<<<<

lemma trigamma_lb_step:
  assumes y: "(y::real) > 0"
  shows "1/y^2 - trigamma_lb y + trigamma_lb (y + 1) = (1 + 5*y + 5*y^2) / (30*y^5*(y + 1)^5)"
proof -
  have "1/y^2 - trigamma_lb y + trigamma_lb z = (1 + 5*y + 5*y^2) / (30*y^5*z^5)"
    if z: "z = y + 1" for z
  proof -
    have "y \<noteq> 0" "z \<noteq> 0" using y z by auto
    then show ?thesis
      unfolding trigamma_lb_def trigamma_ub_def by (simp add: field_simps) (unfold z, algebra)
  qed
  then show ?thesis by simp
qed

lemma tetragamma_lb_step:
  assumes y: "(y::real) > 0"
  shows "-2/y^3 - tetragamma_lb y + tetragamma_lb (y + 1) = (1 + 2*y) / (2*y^4*(y + 1)^4)"
proof -
  have "-2/y^3 - tetragamma_lb y + tetragamma_lb z = (1 + 2*y) / (2*y^4*z^4)" if z: "z = y + 1" for z
  proof -
    have "y \<noteq> 0" "z \<noteq> 0" using y z by auto
    then show ?thesis unfolding tetragamma_lb_def by (simp add: field_simps) (unfold z, algebra)
  qed
  then show ?thesis by simp
qed

lemma rational_bound_4_step_trigamma_ub:
  assumes x: "(x::real) > 0"
  shows "2 * trigamma_ub (x + 1) / x^2 + 1/x^4 - 2/x^3 - rational_bound 4 x + rational_bound 4 (x + 1)
    = -(16*x + 36*x^2 + 32*x^3) / (12*x^4*(x + 1)^4*(x + 2)^2)"
proof -
  have "2 * trigamma_ub z / x^2 + 1/x^4 - 2/x^3 - (x^2 + 4*x + 12) / (12 * x^4 * z^2)
      + (z^2 + 4*z + 12) / (12 * z^4 * w^2) = -(16*x + 36*x^2 + 32*x^3) / (12*x^4*z^4*w^2)"
    if z: "z = x + 1" and w: "w = x + 2" for z w
  proof -
    have "x \<noteq> 0" "z \<noteq> 0" "w \<noteq> 0" using x z w by auto
    then show ?thesis unfolding trigamma_ub_def by (simp add: field_simps) (unfold z w, algebra)
  qed
  then show ?thesis unfolding rational_bound_def by (simp add: add.assoc)
qed

lemma rational_bound_0_step_trigamma_lb:
  assumes x: "(x::real) > 0"
  shows "2 * trigamma_lb (x + 1) / x^2 + 1/x^4 - 2/x^3 - rational_bound 0 x + rational_bound 0 (x + 1)
    = (44*x^2 + 144*x^3 + 196*x^4 + 100*x^5) / (60*x^4*(x + 1)^5*(x + 2)^2)"
proof -
  have "2 * trigamma_lb z / x^2 + 1/x^4 - 2/x^3 - (x^2 + 12) / (12 * x^4 * z^2)
      + (z^2 + 12) / (12 * z^4 * w^2)
      = (44*x^2 + 144*x^3 + 196*x^4 + 100*x^5) / (60*x^4*z^5*w^2)"
    if z: "z = x + 1" and w: "w = x + 2" for z w
  proof -
    have "x \<noteq> 0" "z \<noteq> 0" "w \<noteq> 0" using x z w by auto
    then show ?thesis
      unfolding trigamma_lb_def trigamma_ub_def by (simp add: field_simps) (unfold z w, algebra)
  qed
  then show ?thesis unfolding rational_bound_def by (simp add: add.assoc)
qed

lemma trigamma_less_ub:
  assumes x: "(x::real) > 0"
  shows "Polygamma 1 x < trigamma_ub x"
proof -
  have "Polygamma 1 x - trigamma_ub x < 0"
  proof (rule neg_if_shift_increasing_tendsto_zero[where h = "\<lambda>y. Polygamma 1 y - trigamma_ub y", OF x])
    fix y :: real assume y: "y > 0"
    have "0 < 1 / (6*y^3*(y + 1)^3)" using y by simp
    then show "Polygamma 1 y - trigamma_ub y < Polygamma 1 (y + 1) - trigamma_ub (y + 1)"
      using trigamma_recurrence[OF y] trigamma_ub_step[OF y] by linarith
  next
    have "(\<lambda>m. trigamma_ub (x + real m)) \<longlonglongrightarrow> 0"
      unfolding trigamma_ub_def by real_asymp
    from tendsto_diff[OF Polygamma_shift_tendsto_zero[OF x, of 1] this]
    show "(\<lambda>m. Polygamma 1 (x + real m) - trigamma_ub (x + real m)) \<longlonglongrightarrow> 0" by simp
  qed
  then show ?thesis by simp
qed

lemma trigamma_lb_less:
  assumes x: "(x::real) > 0"
  shows "trigamma_lb x < Polygamma 1 x"
proof -
  have "trigamma_lb x - Polygamma 1 x < 0"
  proof (rule neg_if_shift_increasing_tendsto_zero[where h = "\<lambda>y. trigamma_lb y - Polygamma 1 y", OF x])
    fix y :: real assume y: "y > 0"
    have "0 < (1 + 5*y + 5*y^2) / (30*y^5*(y + 1)^5)" using y by (simp add: add_pos_pos)
    then show "trigamma_lb y - Polygamma 1 y < trigamma_lb (y + 1) - Polygamma 1 (y + 1)"
      using trigamma_recurrence[OF y] trigamma_lb_step[OF y] by linarith
  next
    have "(\<lambda>m. trigamma_lb (x + real m)) \<longlonglongrightarrow> 0"
      unfolding trigamma_lb_def trigamma_ub_def by real_asymp
    from tendsto_diff[OF this Polygamma_shift_tendsto_zero[OF x, of 1]]
    show "(\<lambda>m. trigamma_lb (x + real m) - Polygamma 1 (x + real m)) \<longlonglongrightarrow> 0" by simp
  qed
  then show ?thesis by simp
qed

lemma tetragamma_lb_less:
  assumes x: "(x::real) > 0"
  shows "tetragamma_lb x < Polygamma 2 x"
proof -
  have "tetragamma_lb x - Polygamma 2 x < 0"
  proof (rule neg_if_shift_increasing_tendsto_zero[where h = "\<lambda>y. tetragamma_lb y - Polygamma 2 y", OF x])
    fix y :: real assume y: "y > 0"
    have "0 < (1 + 2*y) / (2*y^4*(y + 1)^4)" using y by simp
    then show "tetragamma_lb y - Polygamma 2 y < tetragamma_lb (y + 1) - Polygamma 2 (y + 1)"
      using tetragamma_recurrence[OF y] tetragamma_lb_step[OF y] by linarith
  next
    have "(\<lambda>m. tetragamma_lb (x + real m)) \<longlonglongrightarrow> 0"
      unfolding tetragamma_lb_def by real_asymp
    from tendsto_diff[OF this Polygamma_shift_tendsto_zero[OF x, of 2]]
    show "(\<lambda>m. tetragamma_lb (x + real m) - Polygamma 2 (x + real m)) \<longlonglongrightarrow> 0" by simp
  qed
  then show ?thesis by simp
qed

lemma trigamma_sq_plus_tetragamma_minus_rational_bound_step:
  assumes x: "(x::real) > 0"
  shows "((Polygamma 1 x)^2 + Polygamma 2 x - rational_bound c x)
      - ((Polygamma 1 (x + 1))^2 + Polygamma 2 (x + 1) - rational_bound c (x + 1))
    = 2 * Polygamma 1 (x + 1) / x^2 + 1/x^4 - 2/x^3 - rational_bound c x + rational_bound c (x + 1)"
proof -
  have "(a + 1/x^2)^2 + (b - 2/x^3) - r - (a^2 + b - r')
      = 2*a/x^2 + 1/x^4 - 2/x^3 - r + r'" for a b r r' :: real
    using x by (simp add: power2_sum field_simps power2_eq_square power4_eq_xxxx)
  then show ?thesis unfolding trigamma_recurrence[OF x] tetragamma_recurrence[OF x] .
qed

lemma trigamma_sq_plus_tetragamma_shift_tendsto_zero:
  assumes x: "(x::real) > 0"
  shows "(\<lambda>m. (Polygamma 1 (x + real m))^2 + Polygamma 2 (x + real m) - rational_bound c (x + real m))
    \<longlonglongrightarrow> 0"
proof -
  have "(\<lambda>m. rational_bound c (x + real m)) \<longlonglongrightarrow> 0"
    unfolding rational_bound_def by real_asymp
  from tendsto_diff[OF tendsto_add[OF tendsto_power[OF Polygamma_shift_tendsto_zero[OF x, of 1], of 2]
      Polygamma_shift_tendsto_zero[OF x, of 2]] this]
  show ?thesis by simp
qed

lemma trigamma_sq_plus_tetragamma_less_rational_bound_4:
  assumes x: "(x::real) > 0"
  shows "(Polygamma 1 x)^2 + Polygamma 2 x < rational_bound 4 x"
proof -
  have "(Polygamma 1 x)^2 + Polygamma 2 x - rational_bound 4 x < 0"
  proof (rule neg_if_shift_increasing_tendsto_zero
      [where h = "\<lambda>y. (Polygamma 1 y)^2 + Polygamma 2 y - rational_bound 4 y", OF x _
       trigamma_sq_plus_tetragamma_shift_tendsto_zero[OF x]])
    fix y :: real assume y: "y > 0"
    have "2 * Polygamma 1 (y + 1) / y^2 < 2 * trigamma_ub (y + 1) / y^2"
      using trigamma_less_ub[of "y + 1"] y by (intro divide_strict_right_mono) auto
    moreover have "0 < (16*y + 36*y^2 + 32*y^3) / (12*y^4*(y + 1)^4*(y + 2)^2)"
      using y by (simp add: add_pos_pos)
    then have "-(16*y + 36*y^2 + 32*y^3) / (12*y^4*(y + 1)^4*(y + 2)^2) < 0"
      by (simp only: minus_divide_left[symmetric] neg_less_0_iff_less)
    ultimately show "(Polygamma 1 y)^2 + Polygamma 2 y - rational_bound 4 y
        < (Polygamma 1 (y + 1))^2 + Polygamma 2 (y + 1) - rational_bound 4 (y + 1)"
      using trigamma_sq_plus_tetragamma_minus_rational_bound_step[OF y, of 4]
        rational_bound_4_step_trigamma_ub[OF y] by linarith
  qed
  then show ?thesis by simp
qed

lemma rational_bound_0_less_trigamma_sq_plus_tetragamma:
  assumes x: "(x::real) > 0"
  shows "rational_bound 0 x < (Polygamma 1 x)^2 + Polygamma 2 x"
proof -
  have "rational_bound 0 x - ((Polygamma 1 x)^2 + Polygamma 2 x) < 0"
  proof (rule neg_if_shift_increasing_tendsto_zero
      [where h = "\<lambda>y. rational_bound 0 y - ((Polygamma 1 y)^2 + Polygamma 2 y)", OF x])
    fix y :: real assume y: "y > 0"
    have "2 * trigamma_lb (y + 1) / y^2 < 2 * Polygamma 1 (y + 1) / y^2"
      using trigamma_lb_less[of "y + 1"] y by (intro divide_strict_right_mono) auto
    moreover have "0 < (44*y^2 + 144*y^3 + 196*y^4 + 100*y^5) / (60*y^4*(y + 1)^5*(y + 2)^2)"
      using y by (simp add: add_pos_pos)
    ultimately show "rational_bound 0 y - ((Polygamma 1 y)^2 + Polygamma 2 y)
        < rational_bound 0 (y + 1) - ((Polygamma 1 (y + 1))^2 + Polygamma 2 (y + 1))"
      using trigamma_sq_plus_tetragamma_minus_rational_bound_step[OF y, of 0]
        rational_bound_0_step_trigamma_lb[OF y] by linarith
  next
    show "(\<lambda>m. rational_bound 0 (x + real m)
        - ((Polygamma 1 (x + real m))^2 + Polygamma 2 (x + real m))) \<longlonglongrightarrow> 0"
      using tendsto_minus[OF trigamma_sq_plus_tetragamma_shift_tendsto_zero[OF x, of 0]] by simp
  qed
  then show ?thesis by simp
qed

>>>>

Exercise instructions – State, as a bare number, how many lines of the material contain "ultimately".

Task output – 2